Nothing negative, just working through how to get things to fit into traditional data centers and enabling multi-vendor access to OCP server technologies. By the end of the lunch meeting, Bob had created an open motherboard design outline literally on a turkey sandwich napkin and committed to formalizing it into a design specifications document. That's when the Roadrunner project was born.
At the end of 2011 we received the initial Roadrunner design document and in early 2012 we received an impressive update that evolved and expanded to include CAD diagrams. At a high level, the key design points for Roadrunner include:
- Create and enable an open source x86 motherboard project
- Be a universal motherboard, in terms of size, being able to fit in both a legacy 19" data center rack and an OCP data center rack
- Closely manage ODMs and only allow component selections that maximize reliability and power efficiency; do not allow a $0.50 savings to undermine quality, efficiency and reliability.
- Approach, enable and collaborate with as many ODMs and integrators as possible
- Maximize optionality and flexibility of add-on silicon choices such as 10GbE chipset selection via "mountable modules", not PCIe ... "mini-card / daughter-card silicon add on"

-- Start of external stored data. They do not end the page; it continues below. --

lemma cis_power_orthogonal:
  fixes k l :: nat
  shows "((\<lambda>\<theta>. cis \<theta> ^ k * cnj (cis \<theta> ^ l)) has_integral (if k = l then 2*pi else 0)) {0..2*pi}"
proof (cases "k = l")
  case True
  have "cis \<theta> ^ k * cnj (cis \<theta> ^ l) = 1" for \<theta>
    using True by (simp add: cis_cnj cis_mult flip: power_mult_distrib)
  then show ?thesis using True has_integral_const_real[of "1::complex" 0 "2*pi"]
    by (simp add: scaleR_conv_of_real)
next
  case False
  define a where "a = \<i> * (of_int (int k - int l) :: complex)"
  have a0: "a \<noteq> 0" using False by (simp add: a_def)
  have eq: "cis \<theta> ^ k * cnj (cis \<theta> ^ l) = exp (a * complex_of_real \<theta>)" for \<theta>
  proof -
    have "cis \<theta> ^ k * cnj (cis \<theta> ^ l) = cis (real k * \<theta> + - (real l * \<theta>))"
      by (simp only: DeMoivre complex_cnj_power cis_cnj Complex.DeMoivre cis_mult mult_minus_right)
    also have "\<dots> = exp (a * complex_of_real \<theta>)"
      by (simp add: cis_conv_exp a_def algebra_simps)
    finally show ?thesis .
  qed
  have "a * complex_of_real (2*pi) = (2 * of_int (int k - int l) * pi) * \<i>"
    by (simp add: a_def algebra_simps)
  then have "exp (a * complex_of_real (2*pi)) = 1"
    by (metis exp_integer_2pi Ints_of_int)
  then have "integral {0..2*pi} (\<lambda>t. exp (a * complex_of_real t)) = 0"
    using integral_exp[of "2*pi" a] a0 by simp
  moreover have "(\<lambda>t. exp (a * complex_of_real t)) integrable_on {0..2*pi}"
    by (intro integrable_continuous_interval continuous_intros)
  ultimately show ?thesis using False eq integrable_integral by fastforce
qed

lemma integral_norm_sq_trig_poly:
  fixes b :: "nat \<Rightarrow> complex"
  shows "((\<lambda>\<theta>. (norm (\<Sum>k<n. b k * cis \<theta> ^ k))^2) has_integral 2*pi * (\<Sum>k<n. (norm (b k))^2)) {0..2*pi}"
proof -
  have eq: "complex_of_real ((norm (\<Sum>k<n. b k * cis \<theta> ^ k))^2) =
      (\<Sum>k<n. \<Sum>l<n. b k * cnj (b l) * (cis \<theta> ^ k * cnj (cis \<theta> ^ l)))" for \<theta>
    unfolding complex_norm_square
    by (simp add: sum_distrib_left sum_distrib_right algebra_simps) (rule sum.swap)
  have "((\<lambda>\<theta>. \<Sum>k<n. \<Sum>l<n. b k * cnj (b l) * (cis \<theta> ^ k * cnj (cis \<theta> ^ l))) has_integral
      (\<Sum>k<n. \<Sum>l<n. b k * cnj (b l) * (if k = l then 2*pi else 0))) {0..2*pi}"
    by (intro has_integral_sum finite_lessThan has_integral_mult_right cis_power_orthogonal)
  also have "(\<Sum>k<n. \<Sum>l<n. b k * cnj (b l) * (if k = l then 2*pi else 0)) =
      (\<Sum>k<n. b k * cnj (b k) * (2*pi))"
    by (simp add: if_distrib cong: if_cong)
  also have "\<dots> = complex_of_real (2*pi * (\<Sum>k<n. (norm (b k))^2))"
    unfolding of_real_mult of_real_sum sum_distrib_left complex_norm_square by (simp add: mult_ac)
  finally have "((\<lambda>\<theta>. complex_of_real ((norm (\<Sum>k<n. b k * cis \<theta> ^ k))^2)) has_integral
      complex_of_real (2*pi * (\<Sum>k<n. (norm (b k))^2))) {0..2*pi}"
    by (simp only: eq)
  from has_integral_linear[OF this bounded_linear_Re] show ?thesis by (simp add: o_def)
qed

- Open Standard Baseboard Management Controller (BMC) in sync with Grant Richard's Open Compute Open Hardware Management initiative
- Fit across a wide variety of non-proprietary 1U, 1.5U, 2U, 3U and 4U mechanical stamped sheet metal enclosures supporting both 2.5" and 3.5" disc drives
- Minimize semiconductor and on-board silicon to reduce both purchasing and operating costs
- Be a universal motherboard, in terms of functionality, supporting 70-80% of target enterprise infrastructure use cases, including:
- HPC grid computing
- Cloud server IaaS & PaaS nodes
- Web application utility infrastructure server for Linux distributions
- Developer tools utility infrastructure servers
- Web application server developer platforms
- Multi-hypervisor next generation VDI
- Open source SQL servers
- Big Data scale-out servers
- No SQL server nodes
- Cloud scale-out distributed object store nodes
- Data caching
- Content management
- Content search
- Application servers for numerous proprietary software stacks, market data infrastructure, and so forth.
In April, 2012, version 1.0 of the Roadrunner document was distributed by AMD to a group of interested firms for their review. All were invited to a series of conference calls designed to solicit their feedback.
Twelve firms were invited and only one formally declined. Eight firms provided detailed feedback on the document. In a nutshell, it was all positive and constructive feedback, no show stoppers were identified!
Which brings us to today, soon after the third Open Compute Summit.
Whew ... so that's the very long short story on the Roadrunner project's history!
Peter Krey is a consultant for Fidelity.